Welcome to our site! EDAboard.com is an international Electronics Discussion Forum focused on EDA software, circuits, schematics, books, theory, papers, asic, pld, 8051, DSP, Network, RF, Analog Design, PCB, Service Manuals... and a whole lot more! To participate you need to register. Registration is free. Click here to register now.

help req for 16bit fpgacpu, organization and arch problems

Status
Not open for further replies.

umairsiddiqui

Full Member level 2
Joined
Apr 13, 2004
Messages
143
Helped
7
Reputation
14
Reaction score
1
Trophy points
1,298
Location
Sweden
Activity points
1,434
syscon wishbone design

while trying to make a 16-bit CPU core, I'm facing a dead-on arrival situation!
CPU is required to drive mini-UART (by Mr. Ovidiu Lupas, OpenCores.org) on spartan-3 starter kit
(to do something ??? - printing "hello world" :-( ).
for this system, I was thinking that CPU on power-up/reset draw the user-data/code from
platform flash and load into SRAM.

Alas! my comp-arch and digital design knowledge proved to be worse than I thought.
please help me in further design simplification and any organizational/arch flaw removal, so I end up with something simple and something which
could be called "general purpose CPU" - able to do some data processing and controlling...drive a system like
system6801 (by Mr. John Kent).

after wastage of a lot of time, I come up with:
-16 bit datapath
-64k flat addressable memory (for both code and data) without paging and segmentation
-using word(16bit) addresses, sequential memory words differ by 1 rather than 2.
-16 interrupts
-separate I/O address space (256 locs)
-4k stack
-user visible registers:
*Accumulator (A) - 16bit
*Base/Index (B) - 16bit
*loop Counter(C) - 16bit
*Stack Pointer(SP) - 12bit
*Stack Frame Pointer(FP) - 12bit
-overall memory map:
*first 16 locs for interrupts - int 0 for reset
*last 4k for stack (first 4bits of SP and FP are '1111')
*user code/data and memory mapped I/O in between
-addressing modes:
*register (example: mov A,C)
*direct (example: mov A,[16bit absolute address];
*indirect(example: mov A,)
*index/base (example: mov A,[16bit displacement];
*immediate
*within stack (example - accessing args and locals variables: mov A,[fp + 1]; there is no "segment overriding",
sp and fp are just for stack management)

-jumps, conditional jumps and call are all absolute and supporting all addressing modes (except stack!)
-no multiplication, division and barrel shifting


although the whole processor seem to be a problem but:
-a flat addressable 64k*16 RAM
-"using word(16bit) addresses, sequential memory words differ by 1 rather than 2"
-fixed stack (I'm so nervous - I could not find datasheets,arch and asm docs for 6502, 6800, 6809 and 68k)
-stack size and size of SP and FP, I was trying to avoid stack and code overlap
-index/base addressing mode is necessary for array/lut processing (but complicating design), any alternative?

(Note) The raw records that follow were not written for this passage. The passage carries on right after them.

(* Let $T\colon(B_1,S_1)\to(B_2,S_2)$ be a morphism of $\mathsf{SubS5^S}$. Then $T$ is a morphism of $\mathsf{SubS5^F}$ (i.e.\ $T^\dagger\circ T\subseteq S_1$ and $S_2\subseteq T\circ T^\dagger$) if and only if both of the following hold: (1) for all $a\in B_1$, $a\mathrel{T}0$ implies $a=0$; (2) for all $b_1,b_2\in B_2$ with $b_1\mathrel{S_2}b_2$ there is $a\in B_1$ with $\neg a\mathrel{T}\neg b_1$ and $a\mathrel{T}b_2$.
   Context: A subordination $S\colon A\to B$ between boolean algebras is a relation with (S1) $0\mathrel{S}0$, $1\mathrel{S}1$; (S2) $a,b\mathrel{S}c\Rightarrow(a\vee b)\mathrel{S}c$; (S3) $a\mathrel{S}c,d\Rightarrow a\mathrel{S}(c\wedge d)$; (S4) $a\le b\mathrel{S}c\le d\Rightarrow a\mathrel{S}d$. An $\mathsf{S5}$-subordination on $B$ additionally satisfies (S5) $a\mathrel{S}b\Rightarrow a\le b$; (S6) $a\mathrel{S}b\Rightarrow\neg b\mathrel{S}\neg a$; (S7) $a\mathrel{S}b\Rightarrow\exists c\,(a\mathrel{S}c\mathrel{S}b)$. $\mathsf{SubS5^S}$: objects $(B,S)$ with $S$ an $\mathsf{S5}$-subordination; morphisms $(B,S)\to(B',S')$ subordinations $T$ with $T\circ S=T=S'\circ T$; identity $S$; relational composition ($a\mathrel{(T_2\circ T_1)}c$ iff $\exists b$, $a\mathrel{T_1}b\mathrel{T_2}c$). For $T\colon B_1\to B_2$, $T^\dagger\colon B_2\to B_1$ is given by $b\mathrel{T^\dagger}a\iff\neg a\mathrel{T}\neg b$. $\mathsf{SubS5^F}$ is the wide subcategory of $\mathsf{SubS5^S}$ whose morphisms $T\colon(B_1,S_1)\to(B_2,S_2)$ satisfy $T^\dagger\circ T\subseteq S_1$ and $S_2\subseteq T\circ T^\dagger$. *)

theory Defs
  imports Main
begin

text \<open>Boolean algebras are modelled by the type class boolean_algebra; 0 is bot, 1 is top,
  negation is uminus. A relation from A to B is a predicate of type A \<Rightarrow> B \<Rightarrow> bool.\<close>

definition subordination :: "('a::boolean_algebra \<Rightarrow> 'b::boolean_algebra \<Rightarrow> bool) \<Rightarrow> bool" where
  "subordination S \<longleftrightarrow>
     S bot bot \<and> S top top \<and>
     (\<forall>a b c. S a c \<and> S b c \<longrightarrow> S (sup a b) c) \<and>
     (\<forall>a c d. S a c \<and> S a d \<longrightarrow> S a (inf c d)) \<and>
     (\<forall>a b c d. a \<le> b \<and> S b c \<and> c \<le> d \<longrightarrow> S a d)"

definition S5_subordination :: "('a::boolean_algebra \<Rightarrow> 'a \<Rightarrow> bool) \<Rightarrow> bool" where
  "S5_subordination S \<longleftrightarrow>
     subordination S \<and>
     (\<forall>a b. S a b \<longrightarrow> a \<le> b) \<and>
     (\<forall>a b. S a b \<longrightarrow> S (- b) (- a)) \<and>
     (\<forall>a b. S a b \<longrightarrow> (\<exists>c. S a c \<and> S c b))"

text \<open>Relational composition in the paper's order: rcomp T2 T1 = T2 \<circ> T1 (first T1, then T2).\<close>
definition rcomp :: "('b \<Rightarrow> 'c \<Rightarrow> bool) \<Rightarrow> ('a \<Rightarrow> 'b \<Rightarrow> bool) \<Rightarrow> ('a \<Rightarrow> 'c \<Rightarrow> bool)" where
  "rcomp T2 T1 = (\<lambda>a c. \<exists>b. T1 a b \<and> T2 b c)"

definition dagger :: "('a::boolean_algebra \<Rightarrow> 'b::boolean_algebra \<Rightarrow> bool) \<Rightarrow> ('b \<Rightarrow> 'a \<Rightarrow> bool)" where
  "dagger T = (\<lambda>b a. T (- a) (- b))"

definition SubS5S_morphism ::
  "('a::boolean_algebra \<Rightarrow> 'a \<Rightarrow> bool) \<Rightarrow> ('b::boolean_algebra \<Rightarrow> 'b \<Rightarrow> bool) \<Rightarrow> ('a \<Rightarrow> 'b \<Rightarrow> bool) \<Rightarrow> bool" where
  "SubS5S_morphism S1 S2 T \<longleftrightarrow>
     S5_subordination S1 \<and> S5_subordination S2 \<and> subordination T \<and>
     rcomp T S1 = T \<and> rcomp S2 T = T"

definition SubS5F_morphism ::
  "('a::boolean_algebra \<Rightarrow> 'a \<Rightarrow> bool) \<Rightarrow> ('b::boolean_algebra \<Rightarrow> 'b \<Rightarrow> bool) \<Rightarrow> ('a \<Rightarrow> 'b \<Rightarrow> bool) \<Rightarrow> bool" where
  "SubS5F_morphism S1 S2 T \<longleftrightarrow>
     SubS5S_morphism S1 S2 T \<and>
     (\<forall>a a'. rcomp (dagger T) T a a' \<longrightarrow> S1 a a') \<and>
     (\<forall>b b'. S2 b b' \<longrightarrow> rcomp T (dagger T) b b')"

end

theory Submission
  imports Defs
begin

text \<open>The condition \<open>S\<^sub>2 \<subseteq> T \<circ> T\<^sup>\<dagger>\<close> is literally condition (2) once composition and
  \<open>T\<^sup>\<dagger>\<close> are unfolded. For \<open>T\<^sup>\<dagger> \<circ> T \<subseteq> S\<^sub>1\<close>: if \<open>a T 0\<close> then, as \<open>1 T 1\<close>, \<open>a (T\<^sup>\<dagger> \<circ> T) 0\<close>, so \<open>a S\<^sub>1 0\<close>
  and \<open>a = 0\<close>. Conversely, given \<open>a T b\<close> and \<open>-a' T -b\<close>, the identity \<open>T = T \<circ> S\<^sub>1\<close> yields
  \<open>a S\<^sub>1 c T b\<close> and \<open>-a' S\<^sub>1 d T -b\<close>; then \<open>c \<sqinter> d T b \<sqinter> -b = 0\<close>, so \<open>c \<le> -d\<close> by condition (1),
  and \<open>a \<le> c \<le> -d S\<^sub>1 a'\<close> gives \<open>a S\<^sub>1 a'\<close>.\<close>

lemma subordination_top: "subordination T \<Longrightarrow> T top top"
  unfolding subordination_def by simp

lemma subordination_inf_right: "subordination T \<Longrightarrow> T a c \<Longrightarrow> T a d \<Longrightarrow> T a (inf c d)"
  unfolding subordination_def by simp

lemma subordination_mono: "subordination T \<Longrightarrow> a \<le> b \<Longrightarrow> T b c \<Longrightarrow> c \<le> d \<Longrightarrow> T a d"
  unfolding subordination_def by metis

lemma S5_subordination_le: "S5_subordination S \<Longrightarrow> S a b \<Longrightarrow> a \<le> b"
  unfolding S5_subordination_def by blast

lemma S5_subordination_compl: "S5_subordination S \<Longrightarrow> S a b \<Longrightarrow> S (- b) (- a)"
  unfolding S5_subordination_def by blast

lemma S5_subordination_subordination: "S5_subordination S \<Longrightarrow> subordination S"
  unfolding S5_subordination_def by blast

lemma rcomp_dagger_right_iff: "rcomp T (dagger T) b b' \<longleftrightarrow> (\<exists>a. T (- a) (- b) \<and> T a b')"
  unfolding rcomp_def dagger_def by simp

lemma rcomp_dagger_left_iff: "rcomp (dagger T) T a a' \<longleftrightarrow> (\<exists>b. T a b \<and> T (- a') (- b))"
  unfolding rcomp_def dagger_def by simp

lemma rcomp_factor_right:
  assumes "rcomp T S = T" and "T a b"
  obtains c where "S a c" and "T c b"
proof -
  have "rcomp T S a b"
    using assms by simp
  then show ?thesis
    using that unfolding rcomp_def by blast
qed

lemma reflects_bot_if_dagger_comp_le:
  assumes S: "\<And>a b. S a b \<Longrightarrow> a \<le> b" and T: "subordination T"
    and le: "\<And>a a'. rcomp (dagger T) T a a' \<Longrightarrow> S a a'"
    and "T a bot"
  shows "a = bot"
proof -
  have "rcomp (dagger T) T a bot"
    using \<open>T a bot\<close> subordination_top[OF T] by (auto simp: rcomp_dagger_left_iff)
  then show ?thesis
    using S le bot_unique by blast
qed

lemma dagger_comp_le_if_reflects_bot:
  assumes S: "S5_subordination S" and T: "subordination T" and TS: "rcomp T S = T"
    and reflects: "\<And>a. T a bot \<Longrightarrow> a = bot"
    and "rcomp (dagger T) T a a'"
  shows "S a a'"
proof -
  obtain b where "T a b" and "T (- a') (- b)"
    using \<open>rcomp (dagger T) T a a'\<close> by (auto simp: rcomp_dagger_left_iff)
  obtain c where ac: "S a c" and cb: "T c b"
    using rcomp_factor_right[OF TS \<open>T a b\<close>] .
  obtain d where a'd: "S (- a') d" and db: "T d (- b)"
    using rcomp_factor_right[OF TS \<open>T (- a') (- b)\<close>] .
  have "T (inf c d) b"
    using subordination_mono[OF T _ cb order_refl] by simp
  moreover have "T (inf c d) (- b)"
    using subordination_mono[OF T _ db order_refl] by simp
  ultimately have "T (inf c d) (inf b (- b))"
    by (rule subordination_inf_right[OF T])
  then have "inf c d = bot"
    using reflects[of "inf c d"] by simp
  then have "c \<le> - d"
    by (simp add: inf_shunt)
  then have "a \<le> - d"
    using S5_subordination_le[OF S ac] by (rule order_trans[rotated])
  moreover have "S (- d) a'"
    using S5_subordination_compl[OF S a'd] by simp
  ultimately show ?thesis
    by (rule subordination_mono[OF S5_subordination_subordination[OF S] _ _ order_refl])
qed

theorem lemma6p5:
  fixes S1 :: "'a::boolean_algebra \<Rightarrow> 'a \<Rightarrow> bool"
    and S2 :: "'b::boolean_algebra \<Rightarrow> 'b \<Rightarrow> bool"
    and T :: "'a \<Rightarrow> 'b \<Rightarrow> bool"
  assumes "SubS5S_morphism S1 S2 T"
  shows "SubS5F_morphism S1 S2 T \<longleftrightarrow>
           ((\<forall>a. T a bot \<longrightarrow> a = bot) \<and>
            (\<forall>b1 b2. S2 b1 b2 \<longrightarrow> (\<exists>a. T (- a) (- b1) \<and> T a b2)))"
proof -
  have S1: "S5_subordination S1" and T: "subordination T" and TS1: "rcomp T S1 = T"
    using assms unfolding SubS5S_morphism_def by auto
  have dagger_comp_le_iff: "(\<forall>a a'. rcomp (dagger T) T a a' \<longrightarrow> S1 a a') \<longleftrightarrow> (\<forall>a. T a bot \<longrightarrow> a = bot)"
  proof
    show "\<forall>a. T a bot \<longrightarrow> a = bot" if "\<forall>a a'. rcomp (dagger T) T a a' \<longrightarrow> S1 a a'"
      using reflects_bot_if_dagger_comp_le[OF S5_subordination_le[OF S1] T] that by blast
    show "\<forall>a a'. rcomp (dagger T) T a a' \<longrightarrow> S1 a a'" if "\<forall>a. T a bot \<longrightarrow> a = bot"
      using dagger_comp_le_if_reflects_bot[OF S1 T TS1] that by blast
  qed
  show ?thesis
    unfolding SubS5F_morphism_def rcomp_dagger_right_iff dagger_comp_le_iff using assms by simp
qed

end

I like KISS methodology but my experience is limited to 8088, 8051...

Reducing datapath to 8-bit may beautify the design...wide data paths require elegant solutions, which I can't afford!
 

Re: help req for 16bit fpgacpu, organization and arch proble

that seems a cool architecture, but I couldn't find the question, so I suspect you wanna us to pray for you... :)

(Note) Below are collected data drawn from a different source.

lemma path_adj_mult_vec:
  assumes a: "a < n"
  shows "(path_adj n *\<^sub>v vec n x) $ a = (if 0 < a then x (a - 1) else 0) + (if a + 1 < n then x (a + 1) else 0)"
proof -
  have "(path_adj n *\<^sub>v vec n x) $ a = (\<Sum>b<n. (if a + 1 = b \<or> b + 1 = a then 1 else 0) * x b)"
    using a by (auto simp: scalar_prod_def lessThan_atLeast0 path_adj_index intro!: sum.cong)
  also have "\<dots> = (\<Sum>b<n. (if b = a + 1 then x b else 0) + (if 0 < a \<and> b = a - 1 then x b else 0))"
    by (intro sum.cong refl) auto
  also have "\<dots> = (\<Sum>b<n. if b = a + 1 then x b else 0) + (\<Sum>b<n. if 0 < a \<and> b = a - 1 then x b else 0)"
    by (rule sum.distrib)
  finally show ?thesis using a by (cases "0 < a") (simp_all add: sum.delta')
qed

lemma path_deg_eq_mat_diag: "path_deg n = mat_diag n (path_degree n)"
proof (rule eq_matI)
  fix a b assume "a < dim_row (mat_diag n (path_degree n))" "b < dim_col (mat_diag n (path_degree n))"
  hence ab: "a < n" "b < n" by (auto simp: mat_diag_def)
  have "(\<Sum>l<n. path_adj n $$ (a, l)) = (path_adj n *\<^sub>v vec n (\<lambda>_. 1)) $ a"
    using ab by (simp add: scalar_prod_def lessThan_atLeast0)
  also have "\<dots> = path_degree n a" unfolding path_adj_mult_vec[OF ab(1)] path_degree_def ..
  finally show "path_deg n $$ (a, b) = mat_diag n (path_degree n) $$ (a, b)"
    using ab unfolding path_deg_def mat_diag_def by auto
qed (simp_all add: path_deg_def mat_diag_def)

lemma path_deg_dim [simp]: "dim_row (path_deg n) = n" "dim_col (path_deg n) = n"
  unfolding path_deg_def by simp_all

lemma path_deg_carrier [simp]: "path_deg n \<in> carrier_mat n n"
  unfolding carrier_mat_def by simp

lemma path_deg_symmetric: "(path_deg n)\<^sup>T = path_deg n"
  unfolding path_deg_eq_mat_diag by (rule eq_matI) (auto simp: mat_diag_def)

lemma path_signless_laplacian_symmetric: "(path_deg n + path_adj n)\<^sup>T = path_deg n + path_adj n"
  by (simp add: transpose_add[OF path_deg_carrier path_adj_carrier] path_deg_symmetric path_adj_symmetric)

lemma path_adj_mult_sampled_vec:
  fixes g :: "real \<Rightarrow> real"
  assumes a: "a < n"
  shows "(path_adj n *\<^sub>v vec n (\<lambda>i. g (real i))) $ a
       = g (real a - 1) + g (real a + 1) - (if a = 0 then g (- 1) else 0) - (if a + 1 = n then g (real n) else 0)"
  unfolding path_adj_mult_vec[OF a] using a
  by (cases "a = 0"; cases "a + 1 = n") (auto simp: of_nat_diff algebra_simps)

lemma path_adj_eigenvalue:
  assumes m: "1 \<le> m" "m \<le> n"
  shows "eigenvalue (path_adj n) (2 * cos (real m * pi / (real n + 1)))"
proof -
  define h where "h = real m * pi / (real n + 1)"
  \<comment> \<open>Dirichlet eigenvector x_a = sin ((a + 1) h), vanishing at the virtual vertices -1 and n\<close>
  define g where "g t = sin ((t + 1) * h)" for t :: real
  have "real m * pi < (real n + 1) * pi" using m by (intro mult_strict_right_mono) auto
  hence h: "0 < h" "h < pi" unfolding h_def using m by (auto simp: pos_divide_less_eq)
  have g_n: "g (real n) = 0"
  proof -
    have "(real n + 1) * h = real m * pi" unfolding h_def by simp
    thus ?thesis unfolding g_def by (simp add: sin_npi)
  qed
  have g_rec: "g (t - 1) + g (t + 1) = 2 * cos h * g t" for t
    using sin_diff_add_sin_add[of "(t + 1) * h" h] unfolding g_def by (simp add: algebra_simps)
  show ?thesis unfolding h_def[symmetric]
  proof (rule eigenvalue_of_sampled_eigenvector[of _ n g])
    show "g 0 \<noteq> 0" unfolding g_def using h sin_gt_zero by fastforce
    show "(path_adj n *\<^sub>v vec n (\<lambda>i. g (real i))) $ a = 2 * cos h * g (real a)" if "a < n" for a
      unfolding path_adj_mult_sampled_vec[OF that] g_rec g_n by (simp add: g_def)
  qed (use m in auto)
qed

lemma path_signless_laplacian_eigenvalue:
  assumes m: "1 \<le> m" "m \<le> n"
  shows "eigenvalue (path_deg n + path_adj n) (2 + 2 * cos (real m * pi / real n))"
proof -
  define h where "h = real m * pi / (2 * real n)"
  \<comment> \<open>Neumann eigenvector x_a = sin ((2a + 1) h): x_(-1) = -x_0 and x_n = -x_(n-1)\<close>
  define g where "g t = sin ((2 * t + 1) * h)" for t :: real
  have h: "0 < h" "h \<le> pi / 2" unfolding h_def using m by (auto simp: field_simps)
  have g_0: "g 0 + g (- 1) = 0" unfolding g_def by simp
  have g_n: "g (real n - 1) + g (real n) = 0"
  proof -
    have "g (real n - 1) + g (real n) = sin (2 * real n * h - h) + sin (2 * real n * h + h)"
      unfolding g_def by (simp add: algebra_simps)
    also have "\<dots> = 2 * sin (real m * pi) * cos h"
      unfolding sin_diff_add_sin_add h_def using m by simp
    finally show ?thesis by (simp add: sin_npi)
  qed
  have g_rec: "g (t - 1) + g (t + 1) = 2 * cos (2 * h) * g t" for t
    using sin_diff_add_sin_add[of "(2 * t + 1) * h" "2 * h"] unfolding g_def by (simp add: algebra_simps)
  have "2 * h = real m * pi / real n" unfolding h_def using m by simp
  show ?thesis unfolding \<open>2 * h = real m * pi / real n\<close>[symmetric]
  proof (rule eigenvalue_of_sampled_eigenvector[of _ n g])
    show "g 0 \<noteq> 0" unfolding g_def using h sin_gt_zero by fastforce
    fix a assume a: "a < n"
    have deg: "path_degree n a * g (real a) - (if a = 0 then g (- 1) else 0)
        - (if a + 1 = n then g (real n) else 0) = 2 * g (real a)"
      using a g_0 g_n by (cases "a = 0"; cases "a + 1 = n") (auto simp: path_degree_def)
    have "((path_deg n + path_adj n) *\<^sub>v vec n (\<lambda>i. g (real i))) $ a
        = path_degree n a * g (real a) + (path_adj n *\<^sub>v vec n (\<lambda>i. g (real i))) $ a"
      unfolding add_mult_distrib_mat_vec[OF path_deg_carrier path_adj_carrier vec_carrier]
      unfolding path_deg_eq_mat_diag using a by (simp add: mat_diag_mult_vec_index)
    also have "\<dots> = 2 * g (real a) + (g (real a - 1) + g (real a + 1))"
      unfolding path_adj_mult_sampled_vec[OF a] using deg by linarith
    also have "\<dots> = (2 + 2 * cos (2 * h)) * g (real a)"
      unfolding g_rec by (simp add: algebra_simps)
    finally show "((path_deg n + path_adj n) *\<^sub>v vec n (\<lambda>i. g (real i))) $ a = (2 + 2 * cos (2 * h)) * g (real a)" .
  qed (use m in auto)
qed

lemma eigenvalues_desc_path_adj:
  "eigenvalues_desc (path_adj n) = map (\<lambda>m. 2 * cos (real m * pi / (real n + 1))) [1..<n+1]"
  by (rule eigenvalues_desc_of_strictly_decreasing_eigenvalues)
    (auto simp: path_adj_eigenvalue cos_mult_pi_div_strict_decreasing)

lemma eigenvalues_desc_path_signless_laplacian:
  "eigenvalues_desc (path_deg n + path_adj n) = map (\<lambda>m. 2 + 2 * cos (real m * pi / real n)) [1..<n+1]"
  by (rule eigenvalues_desc_of_strictly_decreasing_eigenvalues)
    (auto simp: path_signless_laplacian_eigenvalue cos_mult_pi_div_strict_decreasing)

lemma S_k_path_adj:
  assumes "k \<le> n"
  shows "S_k k (path_adj n)
    = sin (real (2 * k + 1) * pi / real (2 * (n + 1))) / sin (pi / real (2 * (n + 1))) - 1"
proof -
  have s: "sin ((pi / (real n + 1)) / 2) \<noteq> 0"
    using sin_pi_div_pos[of "real n + 1"] by (simp add: field_simps)
  have "S_k k (path_adj n) = (\<Sum>m=1..k. 2 * cos (real m * (pi / (real n + 1))))"
    using S_k_eq_sum_eigenvalues[OF eigenvalues_desc_path_adj assms] by simp
  also have "\<dots> = sin ((2 * real k + 1) * (pi / (real n + 1)) / 2) / sin ((pi / (real n + 1)) / 2) - 1"
    by (rule sum_two_cos_mult[OF s])
  finally show ?thesis by (simp add: field_simps)
qed

lemma S_k_path_signless_laplacian:
  assumes "k \<le> n" "0 < n"
  shows "S_k k (path_deg n + path_adj n)
    = 2 * real k + sin (real (2 * k + 1) * pi / real (2 * n)) / sin (pi / real (2 * n)) - 1"
proof -
  have s: "sin ((pi / real n) / 2) \<noteq> 0"
    using sin_pi_div_pos[of "real n"] assms(2) by (simp add: field_simps)
  have "S_k k (path_deg n + path_adj n) = (\<Sum>m=1..k. 2 + 2 * cos (real m * (pi / real n)))"
    using S_k_eq_sum_eigenvalues[OF eigenvalues_desc_path_signless_laplacian assms(1)] by simp
  also have "\<dots> = 2 * real k + (sin ((2 * real k + 1) * (pi / real n) / 2) / sin ((pi / real n) / 2) - 1)"
    using sum_two_cos_mult[OF s, of k] by (simp add: sum.distrib)
  finally show ?thesis by (simp add: field_simps)
qed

look, these are my three cents:
- I'd simply use a flat addresasble 64K x 8-bit memory space
- I'd hate any CPU without base/index adressing capabilities
- Maybe some day you'll need a bigger stack, so let it overlap the code

good luck
 

Require comments on given *modified* instruction set (cheated from many areas - including Hennessy & Patterson comp arch book, i.e. after lot of learning! :sad: )for datapath *simplificaton* and less clock-cylces :

-number of registers, r0 utilization

-size of addressable memory

-dealing unaligned bytes?

-addressing modes, especially implementation of register-indirect addressing and
absolute addressing

-recommended "displacement" (no. of bits) for data(base-displacement loading) and code(jumps)? should both be equal(keeping *simplificaton* in mind)?

-"good algorithm(s)" for assigning opcodes

-any (additional) instruction for bus and cpu control (DMA not required)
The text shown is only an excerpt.